This summer (of 2015) I went to Guatemala with Teen Missions International. I was away for a total of 7 weeks. It was an amazing experience I can’t describe in only a few words.
Coming back was way harder than I expected. I’m not typically a crier, but there were many nights I cried. Many times I felt bored, overwhelmed, alone, or depressed. Sometimes I felt it all at once. I missed my teammates so much. I missed the simplicity of life in Central America. There were a couple nights I wanted to give up.
One thing Teen Missions drills into us are devotions, one-on-one time with God every morning. That’s what I clinged to.
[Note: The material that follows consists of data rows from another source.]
text \<open>In the next two lemmas w stands for (B + lam I)\<inverse> y with y the stochastic gradient;
  only the two bounds of regularized_solve_bounds are used.\<close>

lemma regularized_step_decrease:
  fixes f :: "'v::real_inner \<Rightarrow> real"
  assumes der: "\<And>x. (f has_derivative (\<lambda>v. G x \<bullet> v)) (at x)"
    and lip: "\<And>x y. norm (G x - G y) \<le> L * norm (x - y)" and L: "L \<ge> 0"
    and a: "a > 0" "a * L \<le> 1/4" and lam: "1 / a \<le> lam"
    and coercive: "lam * (norm w)\<^sup>2 \<le> w \<bullet> y"
  shows "f (x - w) \<le> f x - 3/8 * (w \<bullet> y) + a / 2 * (norm (y - G x))\<^sup>2"
proof -
  define e where "e = y - G x"
  have lam_pos: "lam > 0" and inv_lam: "1 / lam \<le> a"
    using a lam by (auto simp: field_simps less_le_trans[of 0 "1/a" lam])
  have wy_nonneg: "0 \<le> w \<bullet> y"
    using coercive lam_pos by (smt (verit) zero_le_mult_iff zero_le_power2)
  have W: "(norm w)\<^sup>2 \<le> a * (w \<bullet> y)"
  proof -
    have "(norm w)\<^sup>2 \<le> (w \<bullet> y) / lam"
      using coercive lam_pos by (simp add: field_simps)
    also have "\<dots> \<le> a * (w \<bullet> y)"
      using mult_right_mono[OF inv_lam wy_nonneg] by simp
    finally show ?thesis .
  qed
  \<comment> \<open>Young's inequality with weight lam.\<close>
  have cross: "e \<bullet> w \<le> (w \<bullet> y) / 2 + a / 2 * (norm e)\<^sup>2"
  proof -
    have "2 * lam * (norm e * norm w) \<le> lam\<^sup>2 * (norm w)\<^sup>2 + (norm e)\<^sup>2"
      using zero_le_power2[of "lam * norm w - norm e"] by (simp add: power2_eq_square algebra_simps)
    then have "2 * (norm e * norm w) \<le> lam * (norm w)\<^sup>2 + (norm e)\<^sup>2 / lam"
      using lam_pos by (simp add: field_simps power2_eq_square)
    also have "\<dots> \<le> w \<bullet> y + a * (norm e)\<^sup>2"
      using coercive mult_right_mono[OF inv_lam, of "(norm e)\<^sup>2"] by simp
    finally show ?thesis
      using norm_cauchy_schwarz[of e w] by linarith
  qed
  have "f (x - w) \<le> f x - G x \<bullet> w + L / 2 * (norm w)\<^sup>2"
    using lipschitz_gradient_quadratic_upper_bound[OF der lip L, of x "- w"] by simp
  also have "G x \<bullet> w = w \<bullet> y - e \<bullet> w"
    by (simp add: e_def inner_diff_right inner_commute)
  also have "L / 2 * (norm w)\<^sup>2 \<le> (w \<bullet> y) / 8"
    using mult_left_mono[OF W L] mult_right_mono[OF a(2) wy_nonneg] by (simp add: algebra_simps)
  finally show ?thesis
    using cross by (simp add: e_def)
qed

lemma regularized_step_contraction:
  fixes f :: "'v::real_inner \<Rightarrow> real"
  assumes der: "\<And>x. (f has_derivative (\<lambda>v. G x \<bullet> v)) (at x)"
    and lip: "\<And>x y. norm (G x - G y) \<le> L * norm (x - y)" and L: "L \<ge> 0"
    and PL: "2 * c * (f x - finf) \<le> (norm (G x))\<^sup>2"
    and a: "a > 0" "a * L \<le> 1/4" "a * h \<le> 1/4" and lam: "1 / a \<le> lam" "lam \<le> 2 / a"
    and coercive: "lam * (norm w)\<^sup>2 \<le> w \<bullet> y"
    and bounded: "(norm y)\<^sup>2 \<le> (h + lam) * (w \<bullet> y)"
  shows "f (x - w) - finf \<le> (1 - c * a / 6) * (f x - finf) + 2 * a / 3 * (norm (y - G x))\<^sup>2"
proof -
  define E where "E = (norm (y - G x))\<^sup>2"
  have wy_nonneg: "0 \<le> w \<bullet> y"
    using coercive a lam by (smt (verit) zero_le_mult_iff zero_le_power2 divide_pos_pos)
  have "(norm (G x))\<^sup>2 \<le> (norm y + norm (y - G x))\<^sup>2"
    using norm_triangle_sub[of "G x" y] by (simp add: power_mono norm_minus_commute)
  also have "\<dots> \<le> 2 * (norm y)\<^sup>2 + 2 * E"
    unfolding E_def by (smt (verit) power2_sum sum_squares_ge_zero power2_diff zero_le_power2)
  finally have "a * (norm (G x))\<^sup>2 \<le> a * (2 * (norm y)\<^sup>2 + 2 * E)"
    using a(1) by (simp add: mult_left_mono)
  also have "\<dots> \<le> 2 * (a * (h + lam)) * (w \<bullet> y) + 2 * a * E"
    using mult_left_mono[OF bounded, of a] a(1) by (simp add: algebra_simps)
  also have "\<dots> \<le> 9/2 * (w \<bullet> y) + 2 * a * E"
  proof -
    have "a * (h + lam) \<le> 9/4"
      using a lam by (simp add: field_simps)
    then show ?thesis
      using mult_right_mono[OF _ wy_nonneg] by fastforce
  qed
  finally have gradient_bound: "a * (norm (G x))\<^sup>2 \<le> 9/2 * (w \<bullet> y) + 2 * a * E" .
  have "a * (2 * c * (f x - finf)) \<le> a * (norm (G x))\<^sup>2"
    using mult_left_mono[OF PL] a(1) by simp
  moreover have "(1 - c * a / 6) * (f x - finf) = (f x - finf) - a * (2 * c * (f x - finf)) / 12"
    by (simp add: field_simps)
  ultimately show ?thesis
    using regularized_step_decrease[OF der lip L a(1,2) lam(1) coercive, where x = x] gradient_bound
    unfolding E_def by linarith
qed

lemma s2qn_step_contraction:
  fixes f :: "real^'n \<Rightarrow> real" and B :: "real^'n^'n"
  assumes der: "\<And>x. (f has_derivative (\<lambda>v. G x \<bullet> v)) (at x)"
    and lip: "\<And>x y. norm (G x - G y) \<le> L * norm (x - y)" and L: "L \<ge> 0"
    and PL: "2 * c * (f x - finf) \<le> (norm (G x))\<^sup>2" and lower: "finf \<le> f x"
    and r: "0 < r1" "r1 < r2" and a: "a > 0" "a * L \<le> 1/4" "a * h \<le> 1/4"
    and B: "transpose B = B" "psd_between h B" "h > 0" and t: "0 \<le> t"
  shows "f (x + 1 *\<^sub>R (- (matrix_inv (B + s2qn_lambda r1 r2 a t *\<^sub>R mat 1) *v y))) - finf
    \<le> max 0 (1 - c * a / 6) * (f x - finf) + 2 * a / 3 * (norm (y - G x))\<^sup>2"
proof -
  note lam = s2qn_lambda_bounds[OF r a(1) t]
  have "0 < s2qn_lambda r1 r2 a t"
    using lam(1) a(1) by (smt (verit) divide_pos_pos)
  note solve = regularized_solve_bounds[OF B this, of y]
  have "(1 - c * a / 6) * (f x - finf) \<le> max 0 (1 - c * a / 6) * (f x - finf)"
    using lower by (simp add: mult_right_mono)
  then show ?thesis
    using regularized_step_contraction[OF der lip L PL a lam solve] by simp
qed

lemma (in prob_space) nn_integral_le_of_nn_cond_exp_le:
  assumes G: "subalgebra M G" and f: "f \<in> borel_measurable M"
    and bound: "AE \<omega> in M. nn_cond_exp M G f \<omega> \<le> ennreal s"
  shows "(\<integral>\<^sup>+ \<omega>. f \<omega> \<partial>M) \<le> ennreal s"
proof -
  interpret G: sigma_finite_subalgebra M G
    using G by (intro finite_measure_subalgebra_is_sigma_finite)
      (simp add: finite_measure_subalgebra_def finite_measure_subalgebra_axioms_def finite_measure_axioms)
  have "(\<integral>\<^sup>+ \<omega>. f \<omega> \<partial>M) = (\<integral>\<^sup>+ \<omega>. nn_cond_exp M G f \<omega> \<partial>M)"
    using G.nn_cond_exp_intg[of "\<lambda>_. 1" f] f by simp
  also have "\<dots> \<le> (\<integral>\<^sup>+ \<omega>. ennreal s \<partial>M)"
    by (rule nn_integral_mono_AE[OF bound])
  finally show ?thesis
    by (simp add: emeasure_space_1)
qed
I get it now when David said, “He is my mighty rock, my refuge” (Psalm 62:7b). I hid myself in God. When I felt so broken and done with life, I turned to His word. I told Him my struggles. He became my refuge.
After about a week of being back, I was telling my mom (who also happens to be one of my closest friends) about the worksite in Guatemala again, and I mentioned Gilberto, one of the supervisors who we worked with everyday. “Wait- who’s Gilberto?” Mom asked. It hit me: Mom doesn’t know who Gilberto is. Mom doesn’t know what I lived for weeks. She doesn’t know how to mix concrete by hand. She’s never heard Felicia sing after a long work day. She’s never tasted rellenitos de plantono. Mom has never washed her clothes via bucket while watching the sun set behind the Guatemalan mountains.
But God does. He was there when I mixed concrete. He heard Felicia sing. He knows how good rellenitos de plantono is. He created the beautiful sunsets and mountains.
I’m doing a lot better now. I don’t cry as much. I’ve learned to balance all the school work and activities. I still miss my teammates and Guatemalan experiences, but it’s not drowning me like it once did. I still enter His courts every morning. He is my mighty rock, my refuge.